どうしても気になってしょうがなかった。「バルブクリアランス」
「測定せずにいられねえ。ハアハア
「やめておこうよ。余計なことしないで、さっさと載せようよ。たいていの場合、何かやると失敗するじゃん。
「まあまあ、そういわずに。な?ちょっとぐらいいいだろ?な?な?
「・・・・・・」
「さ、そんなにぴったり閉じていないで、グイッとなっと。」
hedhazushi.jpg
なんかっ・・・ヘッドカバーがっ・・・外れない!このっ!くのっ!!

ふう・・・無理矢理こじりまくって、何とか外したぜ。ヘッドカバー。
heduragawa.jpg
18年間で18,000kmしか走行していないことを整備書の履歴で確認したんだけど・・・
kamshaft.jpg
きっちり定期点検を受け続けていたあの整備書は・・・どうも本当のことを記載していたみたいだなあ。
思ったよりも全然綺麗。自分たちで組み立てたエンジンよりもこっちのほうがオイル交換をちゃんとしてもらっていたみたいだ。

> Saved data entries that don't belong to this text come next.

(* Let $\varepsilon\in(0,1)$, $\rho\in\mathcal{D}$, and $X$ a Hermitian operator with $\operatorname{tr}[X]=1$. Then $D_{\min,\varepsilon}(\rho\|X)=-\log(1-\varepsilon)$ if and only if $\rho=X$.
   Context: $\mathcal{D}$ is the set of density operators on a finite-dimensional Hilbert space. For $\rho\in\mathcal{D}$ and Hermitian $X$, $D_{\min,\varepsilon}(\rho\|X)=-\log\alpha$ where $\alpha=\min\{\operatorname{tr}[EX]:0\le E\le I,\ \operatorname{tr}[\rho(I-E)]\le\varepsilon\}$, with the convention that $D_{\min,\varepsilon}(\rho\|X)=+\infty$ if $\alpha\le0$. *)

theory Defs
  imports "HOL-Analysis.Analysis"
begin

definition conj_transpose :: "complex^'n^'n \<Rightarrow> complex^'n^'n" where
  "conj_transpose A = (\<chi> i j. cnj (A $ j $ i))"

definition hermitian :: "complex^'n^'n \<Rightarrow> bool" where
  "hermitian A \<longleftrightarrow> conj_transpose A = A"

definition psd :: "complex^'n::finite^'n \<Rightarrow> bool" where
  "psd A \<longleftrightarrow> hermitian A \<and>
     (\<forall>v :: complex^'n. 0 \<le> Re (\<Sum>i\<in>UNIV. cnj (v $ i) * (A *v v) $ i))"

definition density :: "complex^'n::finite^'n \<Rightarrow> bool" where
  "density \<rho> \<longleftrightarrow> psd \<rho> \<and> trace \<rho> = 1"

definition feasible_test :: "real \<Rightarrow> complex^'n::finite^'n \<Rightarrow> complex^'n^'n \<Rightarrow> bool" where
  "feasible_test \<epsilon> \<rho> E \<longleftrightarrow> psd E \<and> psd (mat 1 - E) \<and>
     Re (trace (\<rho> ** (mat 1 - E))) \<le> \<epsilon>"

text \<open>alpha = min { tr[E X] : E feasible } (trace is real for Hermitian E, X;
  the infimum is attained since the feasible set is compact and nonempty).\<close>
definition alpha_min :: "real \<Rightarrow> complex^'n::finite^'n \<Rightarrow> complex^'n^'n \<Rightarrow> real" where
  "alpha_min \<epsilon> \<rho> X = Inf {Re (trace (E ** X)) | E. feasible_test \<epsilon> \<rho> E}"

definition D_min :: "real \<Rightarrow> complex^'n::finite^'n \<Rightarrow> complex^'n^'n \<Rightarrow> ereal" where
  "D_min \<epsilon> \<rho> X = (let \<alpha> = alpha_min \<epsilon> \<rho> X in
     if \<alpha> \<le> 0 then \<infinity> else ereal (- ln \<alpha>))"

end

(*
  The test E = (1 - eps) I is always feasible, with value tr[E X] = 1 - eps.
  If rho = X, no feasible test does better, since tr[E rho] = 1 - tr[rho (I - E)] >= 1 - eps.
  If rho ~= X, put D = rho - X and H = D - Re tr[rho D] I. Then tr[rho H] = 0, so
  E = (1 - eps) I + t H stays feasible for all small t > 0, while
  tr[E X] = 1 - eps - t tr[D^2] < 1 - eps; hence alpha < 1 - eps.
*)

theory Submission
  imports Defs
begin

lemma Re_cnj_mult_self: "Re (cnj z * z) = (cmod z)\<^sup>2"
  by (simp add: cmod_power2 flip: power2_eq_square)

lemma norm_vec_square: "(norm v)\<^sup>2 = (\<Sum>i\<in>UNIV. (norm (v$i))\<^sup>2)"
  by (simp add: norm_vec_def L2_set_def sum_nonneg)

lemma hermitian_entry: "hermitian A \<Longrightarrow> A$j$i = cnj (A$i$j)"
  unfolding hermitian_def conj_transpose_def by (metis vec_lambda_beta)

lemma hermitian_add: "hermitian A \<Longrightarrow> hermitian B \<Longrightarrow> hermitian (A + B)"
  by (simp add: hermitian_def conj_transpose_def vec_eq_iff)

lemma hermitian_diff: "hermitian A \<Longrightarrow> hermitian B \<Longrightarrow> hermitian (A - B)"
  by (simp add: hermitian_def conj_transpose_def vec_eq_iff)

lemma hermitian_scaleR: "hermitian A \<Longrightarrow> hermitian (t *\<^sub>R A)"
  by (simp add: hermitian_def conj_transpose_def vec_eq_iff)

lemma hermitian_id: "hermitian (mat 1)"
  by (simp add: hermitian_def conj_transpose_def vec_eq_iff mat_def)

definition quad_form :: "complex^'n::finite^'n \<Rightarrow> complex^'n \<Rightarrow> complex" where
  "quad_form M v = (\<Sum>i\<in>UNIV. cnj (v $ i) * (M *v v) $ i)"

lemma psd_iff_quad_form: "psd A \<longleftrightarrow> hermitian A \<and> (\<forall>v. 0 \<le> Re (quad_form A v))"
  by (simp add: psd_def quad_form_def)

lemma quad_form_expand: "quad_form M v = (\<Sum>k\<in>UNIV. \<Sum>l\<in>UNIV. cnj (v$k) * M$k$l * v$l)"
  by (simp add: quad_form_def matrix_vector_mult_def sum_distrib_left mult.assoc)

lemma quad_form_add: "quad_form (A + B) v = quad_form A v + quad_form B v"
  by (simp add: quad_form_expand distrib_left distrib_right sum.distrib)

lemma quad_form_scaleR: "quad_form (t *\<^sub>R A) v = of_real t * quad_form A v"
  unfolding quad_form_expand vector_scaleR_component
  by (simp add: scaleR_conv_of_real sum_distrib_left mult_ac)

lemma Re_quad_form_id: "Re (quad_form (mat 1) v) = (norm v)\<^sup>2"
  unfolding quad_form_def matrix_vector_mul_lid Re_sum Re_cnj_mult_self norm_vec_square ..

さて、この日のために買っておいたんだよ。「超ロングシクネスゲージ」とトヨタ車用バルブアジャスティングツールを2本。
前は150mm品で測定に苦労しちゃったけど、今回の300mm品なら楽々だぜ。
sukimageji.jpg
ちゃっちゃと16本のバルブクリアランスを測定。
わかったことは・・・インテーク側は許容範囲内に入っていた。
エキゾースト側は・・・0.02mm開き方向に許容範囲から外れていた。

驚いたのは、インテーク側もエキゾースト側も8本ずつあるのに「ぴったり一致して基準値から誤差が出ていた。」こと。
すげえなあ。このエンジンって、ロボットで組み立てられているんだろうになあ。たくさんのパーツが組み付けられているのに8本のエキゾーストバルブ全てが、「開き方向に0.02mm外れている。」っていうのは・・・・

さて、じゃ、シムを交換して、基準値内に収まるようにしよう。
え〜と・・・バルブアジャスティングツールってどうつかうのかね?
パイプレンチみたいな形状の道具の方で、カムをぐいぐい回していって・・・・
付属の平たい板で・・・シムの周りにある丸いソケットをグイッて押し下げるの?

あ、確かにシムが浮いてきた感じがする。
んじゃ、ピンセットでそのシムを・・・・とれないよ。
このっ!くのっ!とれない。ひっぱりだせな〜い!
pinset.jpg
必殺技だよ!いつものマグネットを取って!!ドキドキドキドキ・・・・・
「はい。」
ふう・・・普通に渡してくれたぜ。また目の前で、オーナー夫妻の特殊なプレイが繰り広げられるのかと思って、すごく身構えちゃった。
「うん。でも、血行は良くなったような気がする。」
シ〜!プレイの結果は聞いてない。大きな声でそういうことを言っちゃダメ。ねっ?

マグネットを差し込むんだけど・・・どうやってもシムを引き出すことができない。
ウンウン悪戦苦闘しているところに外車整備係が登場。
「いいところに来たッ!バルブクリアランス調整やって!!」

「え?なんですかこの工具?こんな工具見たことがない・・・・」
どうやらプロは、「カムシャフトを載せたまま、バルブクリアランス調整」なんてしないらしい。
しば〜らくチャレンジしてくれた後・・・・
「僕らだったら、さっさとカムを外しますね。こんな工具を使って時間を取るぐらいだったら、別の作業をした方がよっぽど効率がいいです。」

あ、やっぱり?

う〜ん・・・でもなあ・・・今回のエンジンは、「消耗部品交換以外は、全くいじらずに耐久レースに出る。」のがテーマだからなあ・・・触りたくないなあ。カムシャフト。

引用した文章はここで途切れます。